Exercise description:
Each entry has to be printed again exactly.

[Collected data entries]
lemma output_perturbation_proportional:
  assumes "finite V1" "V1' \<subseteq> V1" "V0 \<inter> V1 = {}" "V1 \<inter> V2 = {}" "V2 = {l}"
    and hid: "same_hidden_layer V0 V1' \<theta> \<theta>'" and nz: "\<And>j. j \<in> V1' \<Longrightarrow> fst \<theta> j l \<noteq> 0"
    and "c \<in> coords V0 V1' V2"
  obtains \<kappa> where "\<And>x t. output_perturbation V0 V1' V2 \<psi> \<theta>' c l x t = \<kappa> * output_perturbation V0 V1 V2 \<psi> \<theta> c l x t"
proof -
  have V1': "finite V1'" "V0 \<inter> V1' = {}" "V1' \<inter> V2 = {}"
    using assms(1-4) finite_subset by auto
  from assms(8)[unfolded assms(5)] show thesis
  proof (cases rule: coords_single_output_cases)
    case (incoming j)
    have "hidden_out V0 \<psi> (shift \<theta>' c t) j x = hidden_out V0 \<psi> (shift \<theta> c t) j x" for x t
      using hidden_out_cong[OF same_hidden_layer_shift[OF hid]] incoming(1) .
    moreover have "hidden_out V0 \<psi> \<theta>' j x = hidden_out V0 \<psi> \<theta> j x" for x
      using hidden_out_cong[OF hid] incoming(1) .
    ultimately show thesis
      using incoming assms(1-5) V1' nz[OF incoming(1)]
      by (intro that[of "fst \<theta>' j l / fst \<theta> j l"]) (auto simp: output_perturbation_incoming)
  next
    case (outgoing j)
    then show thesis
      using assms(1-5) V1' hidden_out_cong[OF hid]
      by (intro that[of 1]) (auto simp: output_perturbation_outgoing)
  next
    case output_bias
    then show thesis
      using assms(4,5) V1' by (intro that[of 1]) (simp add: output_perturbation_output_bias)
  qed
qed

lemma DERIV_comp_scaled_eq:
  fixes L \<delta> :: "real \<Rightarrow> real"
  assumes L: "L differentiable (at 0)" and \<delta>: "\<delta> differentiable (at 0)" "\<delta> 0 = 0"
    and D: "((\<lambda>t. L (\<delta> t)) has_real_derivative D) (at 0)"
    and D': "((\<lambda>t. L (\<kappa> * \<delta> t)) has_real_derivative D') (at 0)"
  shows "D' = \<kappa> * D"
proof -
  obtain L' d where L': "(L has_real_derivative L') (at 0)" and d: "(\<delta> has_real_derivative d) (at 0)"
    using L \<delta>(1) by (auto simp: real_differentiable_def)
  have "D = L' * d"
    using DERIV_chain2[OF _ d, of L L'] L' \<delta>(2) D by (auto intro: DERIV_unique)
  moreover have "D' = L' * (\<kappa> * d)"
    using DERIV_chain2[OF _ DERIV_cmult[OF d, of \<kappa>], of L L'] L' \<delta>(2) D' by (auto intro: DERIV_unique)
  ultimately show ?thesis
    by simp
qed
(* Let $A\in\mathfrak{H}_n$, $B\in\mathfrak{M}_n$, $N\in\mathbb{N}$. Then \[ \sum_{(k_1,\dots,k_N)\in\{1,\dots,l\}^N}\|M_{k_1,\dots,k_N}\|\le n\,e^{n\|B\|}. \]
   Context: Let $\lambda_1,\dots,\lambda_l$ be the distinct eigenvalues of the Hermitian matrix $A$ and $E_{\lambda_1},\dots,E_{\lambda_l}$ the corresponding orthogonal spectral projectors ($AE_{\lambda_j}=\lambda_jE_{\lambda_j}$, $\sum_j E_{\lambda_j}=I_n$). For $(k_1,\dots,k_N)\in\{1,\dots,l\}^N$, $M_{k_1,\dots,k_N}=E_{\lambda_{k_1}}e^{B/N}E_{\lambda_{k_2}}e^{B/N}\cdots E_{\lambda_{k_N}}e^{B/N}$. $\|\cdot\|$ is the operator norm. *)

theory Defs
  imports "HOL-Analysis.Analysis"
begin

text \<open>Complex n x n matrices are modelled as complex^'n^'n (n = CARD('n)).\<close>

definition cnj_transpose :: "complex^'n^'m \<Rightarrow> complex^'m^'n" where
  "cnj_transpose M = (\<chi> i j. cnj (M $ j $ i))"

definition hermitian :: "complex^'n^'n \<Rightarrow> bool" where
  "hermitian M \<longleftrightarrow> cnj_transpose M = M"

definition eigenvalues :: "complex^'n^'n \<Rightarrow> complex set" where
  "eigenvalues M = {c. \<exists>v. v \<noteq> 0 \<and> M *v v = c *s v}"

primrec matpow :: "complex^'n^'n \<Rightarrow> nat \<Rightarrow> complex^'n^'n" where
  "matpow M 0 = mat 1"
| "matpow M (Suc k) = M ** matpow M k"

definition mexp :: "complex^'n^'n \<Rightarrow> complex^'n^'n" where
  "mexp M = (\<Sum>k. (1 / fact k) *\<^sub>R matpow M k)"

definition opnorm :: "complex^'n^'n \<Rightarrow> real" where
  "opnorm M = onorm (\<lambda>x. M *v x)"

text \<open>Ordered product E(k 0) e^X E(k 1) e^X ... E(k (N-1)) e^X.\<close>
definition Mprod :: "(complex \<Rightarrow> complex^'n^'n) \<Rightarrow> complex^'n^'n \<Rightarrow> nat \<Rightarrow> (nat \<Rightarrow> complex) \<Rightarrow> complex^'n^'n" where
  "Mprod E X N k = foldr (\<lambda>i P. E (k i) ** X ** P) [0..<N] (mat 1)"

end

theory Submission
  imports Defs
begin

Exercise solution:
lemma output_perturbation_proportional:
  assumes "finite V1" "V1' \<subseteq> V1" "V0 \<inter> V1 = {}" "V1 \<inter> V2 = {}" "V2 = {l}"
    and hid: "same_hidden_layer V0 V1' \<theta> \<theta>'" and nz: "\<And>j. j \<in> V1' \<Longrightarrow> fst \<theta> j l \<noteq> 0"
    and "c \<in> coords V0 V1' V2"
  obtains \<kappa> where "\<And>x t. output_perturbation V0 V1' V2 \<psi> \<theta>' c l x t = \<kappa> * output_perturbation V0 V1 V2 \<psi> \<theta> c l x t"
proof -
  have V1': "finite V1'" "V0 \<inter> V1' = {}" "V1' \<inter> V2 = {}"
    using assms(1-4) finite_subset by auto
  from assms(8)[unfolded assms(5)] show thesis
  proof (cases rule: coords_single_output_cases)
    case (incoming j)
    have "hidden_out V0 \<psi> (shift \<theta>' c t) j x = hidden_out V0 \<psi> (shift \<theta> c t) j x" for x t
      using hidden_out_cong[OF same_hidden_layer_shift[OF hid]] incoming(1) .
    moreover have "hidden_out V0 \<psi> \<theta>' j x = hidden_out V0 \<psi> \<theta> j x" for x
      using hidden_out_cong[OF hid] incoming(1) .
    ultimately show thesis
      using incoming assms(1-5) V1' nz[OF incoming(1)]
      by (intro that[of "fst \<theta>' j l / fst \<theta> j l"]) (auto simp: output_perturbation_incoming)
  next
    case (outgoing j)
    then show thesis
      using assms(1-5) V1' hidden_out_cong[OF hid]
      by (intro that[of 1]) (auto simp: output_perturbation_outgoing)
  next
    case output_bias
    then show thesis
      using assms(4,5) V1' by (intro that[of 1]) (simp add: output_perturbation_output_bias)
  qed
qed

lemma DERIV_comp_scaled_eq:
  fixes L \<delta> :: "real \<Rightarrow> real"
  assumes L: "L differentiable (at 0)" and \<delta>: "\<delta> differentiable (at 0)" "\<delta> 0 = 0"
    and D: "((\<lambda>t. L (\<delta> t)) has_real_derivative D) (at 0)"
    and D': "((\<lambda>t. L (\<kappa> * \<delta> t)) has_real_derivative D') (at 0)"
  shows "D' = \<kappa> * D"
proof -
  obtain L' d where L': "(L has_real_derivative L') (at 0)" and d: "(\<delta> has_real_derivative d) (at 0)"
    using L \<delta>(1) by (auto simp: real_differentiable_def)
  have "D = L' * d"
    using DERIV_chain2[OF _ d, of L L'] L' \<delta>(2) D by (auto intro: DERIV_unique)
  moreover have "D' = L' * (\<kappa> * d)"
    using DERIV_chain2[OF _ DERIV_cmult[OF d, of \<kappa>], of L L'] L' \<delta>(2) D' by (auto intro: DERIV_unique)
  ultimately show ?thesis
    by simp
qed
(* Let $A\in\mathfrak{H}_n$, $B\in\mathfrak{M}_n$, $N\in\mathbb{N}$. Then \[ \sum_{(k_1,\dots,k_N)\in\{1,\dots,l\}^N}\|M_{k_1,\dots,k_N}\|\le n\,e^{n\|B\|}. \]
   Context: Let $\lambda_1,\dots,\lambda_l$ be the distinct eigenvalues of the Hermitian matrix $A$ and $E_{\lambda_1},\dots,E_{\lambda_l}$ the corresponding orthogonal spectral projectors ($AE_{\lambda_j}=\lambda_jE_{\lambda_j}$, $\sum_j E_{\lambda_j}=I_n$). For $(k_1,\dots,k_N)\in\{1,\dots,l\}^N$, $M_{k_1,\dots,k_N}=E_{\lambda_{k_1}}e^{B/N}E_{\lambda_{k_2}}e^{B/N}\cdots E_{\lambda_{k_N}}e^{B/N}$. $\|\cdot\|$ is the operator norm. *)

theory Defs
  imports "HOL-Analysis.Analysis"
begin

text \<open>Complex n x n matrices are modelled as complex^'n^'n (n = CARD('n)).\<close>

definition cnj_transpose :: "complex^'n^'m \<Rightarrow> complex^'m^'n" where
  "cnj_transpose M = (\<chi> i j. cnj (M $ j $ i))"

definition hermitian :: "complex^'n^'n \<Rightarrow> bool" where
  "hermitian M \<longleftrightarrow> cnj_transpose M = M"

definition eigenvalues :: "complex^'n^'n \<Rightarrow> complex set" where
  "eigenvalues M = {c. \<exists>v. v \<noteq> 0 \<and> M *v v = c *s v}"

primrec matpow :: "complex^'n^'n \<Rightarrow> nat \<Rightarrow> complex^'n^'n" where
  "matpow M 0 = mat 1"
| "matpow M (Suc k) = M ** matpow M k"

definition mexp :: "complex^'n^'n \<Rightarrow> complex^'n^'n" where
  "mexp M = (\<Sum>k. (1 / fact k) *\<^sub>R matpow M k)"

definition opnorm :: "complex^'n^'n \<Rightarrow> real" where
  "opnorm M = onorm (\<lambda>x. M *v x)"

text \<open>Ordered product E(k 0) e^X E(k 1) e^X ... E(k (N-1)) e^X.\<close>
definition Mprod :: "(complex \<Rightarrow> complex^'n^'n) \<Rightarrow> complex^'n^'n \<Rightarrow> nat \<Rightarrow> (nat \<Rightarrow> complex) \<Rightarrow> complex^'n^'n" where
  "Mprod E X N k = foldr (\<lambda>i P. E (k i) ** X ** P) [0..<N] (mat 1)"

end

theory Submission
  imports Defs
begin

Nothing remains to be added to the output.